definition cylinder :: "real^'n^'n \<Rightarrow> 'n list \<Rightarrow> (nat \<Rightarrow> 'n) set" where
  "cylinder A w = {x \<in> shift_space A. \<forall>i<length w. x i = w ! i}"

definition row_stochastic :: "real^'n^'n \<Rightarrow> bool" where
  "row_stochastic P \<longleftrightarrow> (\<forall>i j. P$i$j \<ge> 0) \<and> (\<forall>i. (\<Sum>j\<in>UNIV. P$i$j) = 1)"

definition stationary_vector :: "real^'n^'n \<Rightarrow> real^'n \<Rightarrow> bool" where
  "stationary_vector P p \<longleftrightarrow> (\<forall>i. p$i \<ge> 0) \<and> (\<Sum>i\<in>UNIV. p$i) = 1 \<and> p v* P = p"

text \<open>Markov measure of the cylinder of a (nonempty) word w.\<close>
definition markov_weight :: "real^'n^'n \<Rightarrow> real^'n \<Rightarrow> 'n list \<Rightarrow> real" where
  "markov_weight P p w = p $ (w ! 0) * (\<Prod>i<length w - 1. P $ (w ! i) $ (w ! Suc i))"

definition is_markov_measure ::
  "real^'n^'n \<Rightarrow> real^'n^'n \<Rightarrow> real^'n \<Rightarrow> (nat \<Rightarrow> 'n) measure \<Rightarrow> bool" where
  "is_markov_measure A P p \<mu> \<longleftrightarrow>
     prob_space \<mu> \<and>
     sets \<mu> = sets (Pi\<^sub>M UNIV (\<lambda>_. count_space UNIV)) \<and>
     (\<forall>w. w \<noteq> [] \<and> allowed_word A w \<longrightarrow> measure \<mu> (cylinder A w) = markov_weight P p w)"

definition survivors :: "(nat \<Rightarrow> 'n) set \<Rightarrow> nat \<Rightarrow> (nat \<Rightarrow> 'n) set" where
  "survivors H m = {x. \<forall>i\<le>m. (shift ^^ i) x \<notin> H}"

definition real_eigenvalue :: "real^'n^'n \<Rightarrow> real \<Rightarrow> bool" where
  "real_eigenvalue P t \<longleftrightarrow> (\<exists>v. v \<noteq> 0 \<and> P *v v = t *\<^sub>R v)"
———
Exercise instructions: Check each line of the data for "noteq". Copy the lines where it turns up.

Your solution:
     (\<forall>w. w \<noteq> [] \<and> allowed_word A w \<longrightarrow> measure \<mu> (cylinder A w) = markov_weight P p w)"
  "real_eigenvalue P t \<longleftrightarrow> (\<exists>v. v \<noteq> 0 \<and> P *v v = t *\<^sub>R v)"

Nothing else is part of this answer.